*EXERCISE OBJECTIVE*:
Once you have read the listing, print all of it word for word.

*DATA SUPPLIED*:

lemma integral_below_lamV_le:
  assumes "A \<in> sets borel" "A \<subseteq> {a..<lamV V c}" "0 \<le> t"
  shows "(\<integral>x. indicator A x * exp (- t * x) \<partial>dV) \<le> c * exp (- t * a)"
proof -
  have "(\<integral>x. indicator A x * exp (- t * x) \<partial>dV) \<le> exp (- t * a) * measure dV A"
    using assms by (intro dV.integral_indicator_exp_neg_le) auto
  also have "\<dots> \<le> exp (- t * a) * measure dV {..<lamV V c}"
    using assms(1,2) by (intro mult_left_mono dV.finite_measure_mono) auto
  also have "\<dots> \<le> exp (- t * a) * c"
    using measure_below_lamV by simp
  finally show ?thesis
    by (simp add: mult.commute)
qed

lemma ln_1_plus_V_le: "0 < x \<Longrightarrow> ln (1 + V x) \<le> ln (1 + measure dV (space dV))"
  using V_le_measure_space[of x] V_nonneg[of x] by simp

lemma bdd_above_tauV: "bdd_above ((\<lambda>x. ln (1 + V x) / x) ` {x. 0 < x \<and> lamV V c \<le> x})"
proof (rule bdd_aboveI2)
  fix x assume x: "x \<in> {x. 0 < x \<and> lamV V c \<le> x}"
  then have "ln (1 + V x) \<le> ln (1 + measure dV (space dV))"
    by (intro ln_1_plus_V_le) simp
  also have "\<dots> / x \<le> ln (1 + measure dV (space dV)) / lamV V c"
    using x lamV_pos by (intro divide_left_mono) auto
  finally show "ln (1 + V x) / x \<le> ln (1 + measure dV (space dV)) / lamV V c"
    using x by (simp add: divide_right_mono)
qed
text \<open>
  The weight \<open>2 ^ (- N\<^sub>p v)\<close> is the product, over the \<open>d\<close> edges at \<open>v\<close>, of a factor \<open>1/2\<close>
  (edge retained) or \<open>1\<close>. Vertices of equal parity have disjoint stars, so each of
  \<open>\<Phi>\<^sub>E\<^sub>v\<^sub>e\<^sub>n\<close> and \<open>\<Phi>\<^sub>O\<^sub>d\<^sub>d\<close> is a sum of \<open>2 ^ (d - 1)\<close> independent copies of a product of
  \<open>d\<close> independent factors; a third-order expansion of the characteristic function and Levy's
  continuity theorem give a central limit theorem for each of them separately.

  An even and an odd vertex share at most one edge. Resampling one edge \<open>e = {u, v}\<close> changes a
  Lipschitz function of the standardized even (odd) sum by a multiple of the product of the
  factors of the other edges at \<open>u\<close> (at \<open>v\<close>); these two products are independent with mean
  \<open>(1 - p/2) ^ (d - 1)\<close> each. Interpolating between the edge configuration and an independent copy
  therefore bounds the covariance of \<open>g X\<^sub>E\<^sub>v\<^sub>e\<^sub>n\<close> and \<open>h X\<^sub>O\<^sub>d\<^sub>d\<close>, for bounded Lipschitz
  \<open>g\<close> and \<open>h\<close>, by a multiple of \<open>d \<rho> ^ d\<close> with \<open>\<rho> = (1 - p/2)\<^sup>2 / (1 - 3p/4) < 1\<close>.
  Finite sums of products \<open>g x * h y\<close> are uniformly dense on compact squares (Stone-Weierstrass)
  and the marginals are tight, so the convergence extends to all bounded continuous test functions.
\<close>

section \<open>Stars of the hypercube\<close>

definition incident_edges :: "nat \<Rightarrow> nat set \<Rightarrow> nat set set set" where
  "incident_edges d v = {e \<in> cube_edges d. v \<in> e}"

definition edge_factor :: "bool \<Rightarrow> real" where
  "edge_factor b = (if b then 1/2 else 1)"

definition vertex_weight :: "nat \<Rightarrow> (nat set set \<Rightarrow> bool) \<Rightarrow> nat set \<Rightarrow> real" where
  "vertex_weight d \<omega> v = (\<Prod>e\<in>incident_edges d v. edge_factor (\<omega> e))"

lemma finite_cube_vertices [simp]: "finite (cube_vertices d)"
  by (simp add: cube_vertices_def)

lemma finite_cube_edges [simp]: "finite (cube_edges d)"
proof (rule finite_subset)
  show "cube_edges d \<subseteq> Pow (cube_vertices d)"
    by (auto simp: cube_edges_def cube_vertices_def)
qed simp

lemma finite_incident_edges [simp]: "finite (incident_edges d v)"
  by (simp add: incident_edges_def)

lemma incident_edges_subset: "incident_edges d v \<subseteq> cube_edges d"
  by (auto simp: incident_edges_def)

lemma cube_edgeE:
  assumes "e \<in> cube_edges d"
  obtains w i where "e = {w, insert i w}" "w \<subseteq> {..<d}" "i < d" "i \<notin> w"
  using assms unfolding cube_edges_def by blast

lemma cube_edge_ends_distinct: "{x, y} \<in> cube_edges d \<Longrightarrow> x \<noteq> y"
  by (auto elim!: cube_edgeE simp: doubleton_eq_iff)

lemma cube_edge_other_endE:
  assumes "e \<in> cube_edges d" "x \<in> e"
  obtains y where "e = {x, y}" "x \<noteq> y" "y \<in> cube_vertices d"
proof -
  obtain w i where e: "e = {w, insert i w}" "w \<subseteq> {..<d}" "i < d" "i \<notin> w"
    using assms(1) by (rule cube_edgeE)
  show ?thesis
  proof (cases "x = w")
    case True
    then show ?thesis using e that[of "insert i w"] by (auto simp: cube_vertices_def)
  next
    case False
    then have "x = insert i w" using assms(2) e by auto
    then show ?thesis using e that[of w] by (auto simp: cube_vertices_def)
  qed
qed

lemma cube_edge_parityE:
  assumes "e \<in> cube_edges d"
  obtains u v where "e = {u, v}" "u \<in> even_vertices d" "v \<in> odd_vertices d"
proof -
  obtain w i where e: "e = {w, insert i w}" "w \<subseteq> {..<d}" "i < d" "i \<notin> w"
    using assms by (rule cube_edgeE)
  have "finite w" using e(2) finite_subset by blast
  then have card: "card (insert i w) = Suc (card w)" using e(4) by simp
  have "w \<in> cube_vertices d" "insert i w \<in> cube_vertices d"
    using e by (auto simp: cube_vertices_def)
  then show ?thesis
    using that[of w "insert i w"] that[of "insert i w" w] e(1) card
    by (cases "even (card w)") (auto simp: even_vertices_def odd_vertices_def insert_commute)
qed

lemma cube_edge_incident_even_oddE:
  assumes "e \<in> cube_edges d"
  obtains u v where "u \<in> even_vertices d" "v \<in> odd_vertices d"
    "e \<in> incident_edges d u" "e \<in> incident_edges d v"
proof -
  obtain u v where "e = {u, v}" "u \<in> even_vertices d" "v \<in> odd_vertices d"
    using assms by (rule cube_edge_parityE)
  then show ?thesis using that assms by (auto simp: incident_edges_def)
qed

*SOLVED PROBLEM*:
lemma integral_below_lamV_le:
  assumes "A \<in> sets borel" "A \<subseteq> {a..<lamV V c}" "0 \<le> t"
  shows "(\<integral>x. indicator A x * exp (- t * x) \<partial>dV) \<le> c * exp (- t * a)"
proof -
  have "(\<integral>x. indicator A x * exp (- t * x) \<partial>dV) \<le> exp (- t * a) * measure dV A"
    using assms by (intro dV.integral_indicator_exp_neg_le) auto
  also have "\<dots> \<le> exp (- t * a) * measure dV {..<lamV V c}"
    using assms(1,2) by (intro mult_left_mono dV.finite_measure_mono) auto
  also have "\<dots> \<le> exp (- t * a) * c"
    using measure_below_lamV by simp
  finally show ?thesis
    by (simp add: mult.commute)
qed

lemma ln_1_plus_V_le: "0 < x \<Longrightarrow> ln (1 + V x) \<le> ln (1 + measure dV (space dV))"
  using V_le_measure_space[of x] V_nonneg[of x] by simp

lemma bdd_above_tauV: "bdd_above ((\<lambda>x. ln (1 + V x) / x) ` {x. 0 < x \<and> lamV V c \<le> x})"
proof (rule bdd_aboveI2)
  fix x assume x: "x \<in> {x. 0 < x \<and> lamV V c \<le> x}"
  then have "ln (1 + V x) \<le> ln (1 + measure dV (space dV))"
    by (intro ln_1_plus_V_le) simp
  also have "\<dots> / x \<le> ln (1 + measure dV (space dV)) / lamV V c"
    using x lamV_pos by (intro divide_left_mono) auto
  finally show "ln (1 + V x) / x \<le> ln (1 + measure dV (space dV)) / lamV V c"
    using x by (simp add: divide_right_mono)
qed
text \<open>
  The weight \<open>2 ^ (- N\<^sub>p v)\<close> is the product, over the \<open>d\<close> edges at \<open>v\<close>, of a factor \<open>1/2\<close>
  (edge retained) or \<open>1\<close>. Vertices of equal parity have disjoint stars, so each of
  \<open>\<Phi>\<^sub>E\<^sub>v\<^sub>e\<^sub>n\<close> and \<open>\<Phi>\<^sub>O\<^sub>d\<^sub>d\<close> is a sum of \<open>2 ^ (d - 1)\<close> independent copies of a product of
  \<open>d\<close> independent factors; a third-order expansion of the characteristic function and Levy's
  continuity theorem give a central limit theorem for each of them separately.

  An even and an odd vertex share at most one edge. Resampling one edge \<open>e = {u, v}\<close> changes a
  Lipschitz function of the standardized even (odd) sum by a multiple of the product of the
  factors of the other edges at \<open>u\<close> (at \<open>v\<close>); these two products are independent with mean
  \<open>(1 - p/2) ^ (d - 1)\<close> each. Interpolating between the edge configuration and an independent copy
  therefore bounds the covariance of \<open>g X\<^sub>E\<^sub>v\<^sub>e\<^sub>n\<close> and \<open>h X\<^sub>O\<^sub>d\<^sub>d\<close>, for bounded Lipschitz
  \<open>g\<close> and \<open>h\<close>, by a multiple of \<open>d \<rho> ^ d\<close> with \<open>\<rho> = (1 - p/2)\<^sup>2 / (1 - 3p/4) < 1\<close>.
  Finite sums of products \<open>g x * h y\<close> are uniformly dense on compact squares (Stone-Weierstrass)
  and the marginals are tight, so the convergence extends to all bounded continuous test functions.
\<close>

section \<open>Stars of the hypercube\<close>

definition incident_edges :: "nat \<Rightarrow> nat set \<Rightarrow> nat set set set" where
  "incident_edges d v = {e \<in> cube_edges d. v \<in> e}"

definition edge_factor :: "bool \<Rightarrow> real" where
  "edge_factor b = (if b then 1/2 else 1)"

definition vertex_weight :: "nat \<Rightarrow> (nat set set \<Rightarrow> bool) \<Rightarrow> nat set \<Rightarrow> real" where
  "vertex_weight d \<omega> v = (\<Prod>e\<in>incident_edges d v. edge_factor (\<omega> e))"

lemma finite_cube_vertices [simp]: "finite (cube_vertices d)"
  by (simp add: cube_vertices_def)

lemma finite_cube_edges [simp]: "finite (cube_edges d)"
proof (rule finite_subset)
  show "cube_edges d \<subseteq> Pow (cube_vertices d)"
    by (auto simp: cube_edges_def cube_vertices_def)
qed simp

lemma finite_incident_edges [simp]: "finite (incident_edges d v)"
  by (simp add: incident_edges_def)

lemma incident_edges_subset: "incident_edges d v \<subseteq> cube_edges d"
  by (auto simp: incident_edges_def)

lemma cube_edgeE:
  assumes "e \<in> cube_edges d"
  obtains w i where "e = {w, insert i w}" "w \<subseteq> {..<d}" "i < d" "i \<notin> w"
  using assms unfolding cube_edges_def by blast

lemma cube_edge_ends_distinct: "{x, y} \<in> cube_edges d \<Longrightarrow> x \<noteq> y"
  by (auto elim!: cube_edgeE simp: doubleton_eq_iff)

lemma cube_edge_other_endE:
  assumes "e \<in> cube_edges d" "x \<in> e"
  obtains y where "e = {x, y}" "x \<noteq> y" "y \<in> cube_vertices d"
proof -
  obtain w i where e: "e = {w, insert i w}" "w \<subseteq> {..<d}" "i < d" "i \<notin> w"
    using assms(1) by (rule cube_edgeE)
  show ?thesis
  proof (cases "x = w")
    case True
    then show ?thesis using e that[of "insert i w"] by (auto simp: cube_vertices_def)
  next
    case False
    then have "x = insert i w" using assms(2) e by auto
    then show ?thesis using e that[of w] by (auto simp: cube_vertices_def)
  qed
qed

lemma cube_edge_parityE:
  assumes "e \<in> cube_edges d"
  obtains u v where "e = {u, v}" "u \<in> even_vertices d" "v \<in> odd_vertices d"
proof -
  obtain w i where e: "e = {w, insert i w}" "w \<subseteq> {..<d}" "i < d" "i \<notin> w"
    using assms by (rule cube_edgeE)
  have "finite w" using e(2) finite_subset by blast
  then have card: "card (insert i w) = Suc (card w)" using e(4) by simp
  have "w \<in> cube_vertices d" "insert i w \<in> cube_vertices d"
    using e by (auto simp: cube_vertices_def)
  then show ?thesis
    using that[of w "insert i w"] that[of "insert i w" w] e(1) card
    by (cases "even (card w)") (auto simp: even_vertices_def odd_vertices_def insert_commute)
qed

lemma cube_edge_incident_even_oddE:
  assumes "e \<in> cube_edges d"
  obtains u v where "u \<in> even_vertices d" "v \<in> odd_vertices d"
    "e \<in> incident_edges d u" "e \<in> incident_edges d v"
proof -
  obtain u v where "e = {u, v}" "u \<in> even_vertices d" "v \<in> odd_vertices d"
    using assms by (rule cube_edge_parityE)
  then show ?thesis using that assms by (auto simp: incident_edges_def)
qed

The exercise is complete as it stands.